== Segment start ==

lemma dyadic_pl_comp: assumes f: "dyadic_pl f" and g: "dyadic_pl g" shows "dyadic_pl (f \<circ> g)"
proof -
  have hf: "homeo01 f" and hg: "homeo01 g" using f g by (auto simp: dyadic_pl_def)
  obtain Bf where fBf: "finite Bf" and dyBf: "\<forall>b\<in>Bf. dyadic b" and affF: "pow2_affine_pieces Bf f"
    using f unfolding dyadic_pl_def by blast
  obtain Bg where fBg: "finite Bg" and Bg01: "Bg \<subseteq> {0..1}" and Bg0: "0 \<in> Bg" and Bg1: "1 \<in> Bg"
    and dyBg: "\<forall>b\<in>Bg. dyadic b \<and> dyadic (g b)" and affG: "pow2_affine_pieces Bg g"
    using g unfolding dyadic_pl_def by blast
  define B where "B = Bg \<union> {x\<in>{0..1}. g x \<in> Bf}"
  have "finite (g -` Bf)" using fBf homeo01_inj[OF hg] by (simp add: finite_vimageI)
  moreover have "{x\<in>{0..1}. g x \<in> Bf} \<subseteq> g -` Bf" by auto
  ultimately have "finite B" unfolding B_def using fBg finite_subset by blast
  moreover have "B \<subseteq> {0..1}" using Bg01 unfolding B_def by auto
  moreover have "dyadic b \<and> dyadic ((f \<circ> g) b)" if b: "b \<in> B" for b
  proof (cases "b \<in> Bg")
    case True
    then show ?thesis using dyBg Bg01 dyadic_pl_dyadic_iff[OF f] homeo01_maps_unit_interval[OF hg] by auto
  next
    case False
    then have "b \<in> {0..1}" "g b \<in> Bf" using b unfolding B_def by auto
    then show ?thesis using dyBf dyadic_pl_dyadic_iff[OF f] dyadic_pl_dyadic_iff[OF g]
      homeo01_maps_unit_interval[OF hg] by auto
  qed
  ultimately show ?thesis unfolding dyadic_pl_def
    using homeo01_comp[OF hf hg] pow2_affine_pieces_comp[OF hg affG affF] Bg0 Bg1
    unfolding B_def by blast
qed
(* There is an absolute constant $d$ such that for every $N\ge1$ and every randomized XOR decision tree that computes ${\rm MAJORITY}$ exactly on $N$-bit inputs, there exists an input $X\in\{0,1\}^N$ on which the expected number of queries made is at least $\frac23N-\sqrt{\frac{8N}{9\pi}}-d$.
   Context: For $X=X_0X_1\cdots X_{N-1}\in\{0,1\}^N$, ${\rm MAJORITY}(X)=0$ if $X$ contains more zeros than ones and ${\rm MAJORITY}(X)=1$ otherwise. An XOR decision tree on $N$-bit inputs is a deterministic adaptive algorithm that on input $X$ makes a sequence of queries, each either a single bit $X_i$ or $X_i\oplus X_j$ ($0\le i,j\le N-1$), each chosen depending on previous answers, and then outputs a value. A randomized XOR decision tree is a probability distribution over XOR decision trees. It computes $f$ exactly if on every input $X$ it outputs $f(X)$ with probability $1$. *)

theory Defs
  imports "HOL-Probability.Probability"
begin

text \<open>Inputs are bit strings X = X_0 ... X_{N-1}, represented as bool lists of
length N (True = 1, False = 0).\<close>

definition majority :: "bool list \<Rightarrow> bool" where
  "majority X = (if length (filter Not X) > length (filter id X) then False else True)"

datatype query = Bit nat | Xor nat nat

fun answer :: "query \<Rightarrow> bool list \<Rightarrow> bool" where
  "answer (Bit i) X = X ! i"
| "answer (Xor i j) X = (X ! i \<noteq> X ! j)"

fun query_ok :: "nat \<Rightarrow> query \<Rightarrow> bool" where
  "query_ok N (Bit i) = (i < N)"
| "query_ok N (Xor i j) = (i < N \<and> j < N)"

datatype xtree = Leaf bool | Node query xtree xtree

fun valid_tree :: "nat \<Rightarrow> xtree \<Rightarrow> bool" where
  "valid_tree N (Leaf b) = True"
| "valid_tree N (Node q t0 t1) = (query_ok N q \<and> valid_tree N t0 \<and> valid_tree N t1)"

== Segment end ==

◆ Task description: The full set of records must be transcribed character for character.

◆ Result:
lemma dyadic_pl_comp: assumes f: "dyadic_pl f" and g: "dyadic_pl g" shows "dyadic_pl (f \<circ> g)"
proof -
  have hf: "homeo01 f" and hg: "homeo01 g" using f g by (auto simp: dyadic_pl_def)
  obtain Bf where fBf: "finite Bf" and dyBf: "\<forall>b\<in>Bf. dyadic b" and affF: "pow2_affine_pieces Bf f"
    using f unfolding dyadic_pl_def by blast
  obtain Bg where fBg: "finite Bg" and Bg01: "Bg \<subseteq> {0..1}" and Bg0: "0 \<in> Bg" and Bg1: "1 \<in> Bg"
    and dyBg: "\<forall>b\<in>Bg. dyadic b \<and> dyadic (g b)" and affG: "pow2_affine_pieces Bg g"
    using g unfolding dyadic_pl_def by blast
  define B where "B = Bg \<union> {x\<in>{0..1}. g x \<in> Bf}"
  have "finite (g -` Bf)" using fBf homeo01_inj[OF hg] by (simp add: finite_vimageI)
  moreover have "{x\<in>{0..1}. g x \<in> Bf} \<subseteq> g -` Bf" by auto
  ultimately have "finite B" unfolding B_def using fBg finite_subset by blast
  moreover have "B \<subseteq> {0..1}" using Bg01 unfolding B_def by auto
  moreover have "dyadic b \<and> dyadic ((f \<circ> g) b)" if b: "b \<in> B" for b
  proof (cases "b \<in> Bg")
    case True
    then show ?thesis using dyBg Bg01 dyadic_pl_dyadic_iff[OF f] homeo01_maps_unit_interval[OF hg] by auto
  next
    case False
    then have "b \<in> {0..1}" "g b \<in> Bf" using b unfolding B_def by auto
    then show ?thesis using dyBf dyadic_pl_dyadic_iff[OF f] dyadic_pl_dyadic_iff[OF g]
      homeo01_maps_unit_interval[OF hg] by auto
  qed
  ultimately show ?thesis unfolding dyadic_pl_def
    using homeo01_comp[OF hf hg] pow2_affine_pieces_comp[OF hg affG affF] Bg0 Bg1
    unfolding B_def by blast
qed
(* There is an absolute constant $d$ such that for every $N\ge1$ and every randomized XOR decision tree that computes ${\rm MAJORITY}$ exactly on $N$-bit inputs, there exists an input $X\in\{0,1\}^N$ on which the expected number of queries made is at least $\frac23N-\sqrt{\frac{8N}{9\pi}}-d$.
   Context: For $X=X_0X_1\cdots X_{N-1}\in\{0,1\}^N$, ${\rm MAJORITY}(X)=0$ if $X$ contains more zeros than ones and ${\rm MAJORITY}(X)=1$ otherwise. An XOR decision tree on $N$-bit inputs is a deterministic adaptive algorithm that on input $X$ makes a sequence of queries, each either a single bit $X_i$ or $X_i\oplus X_j$ ($0\le i,j\le N-1$), each chosen depending on previous answers, and then outputs a value. A randomized XOR decision tree is a probability distribution over XOR decision trees. It computes $f$ exactly if on every input $X$ it outputs $f(X)$ with probability $1$. *)

theory Defs
  imports "HOL-Probability.Probability"
begin

text \<open>Inputs are bit strings X = X_0 ... X_{N-1}, represented as bool lists of
length N (True = 1, False = 0).\<close>

definition majority :: "bool list \<Rightarrow> bool" where
  "majority X = (if length (filter Not X) > length (filter id X) then False else True)"

datatype query = Bit nat | Xor nat nat

fun answer :: "query \<Rightarrow> bool list \<Rightarrow> bool" where
  "answer (Bit i) X = X ! i"
| "answer (Xor i j) X = (X ! i \<noteq> X ! j)"

fun query_ok :: "nat \<Rightarrow> query \<Rightarrow> bool" where
  "query_ok N (Bit i) = (i < N)"
| "query_ok N (Xor i j) = (i < N \<and> j < N)"

datatype xtree = Leaf bool | Node query xtree xtree

fun valid_tree :: "nat \<Rightarrow> xtree \<Rightarrow> bool" where
  "valid_tree N (Leaf b) = True"
| "valid_tree N (Node q t0 t1) = (query_ok N q \<and> valid_tree N t0 \<and> valid_tree N t1)"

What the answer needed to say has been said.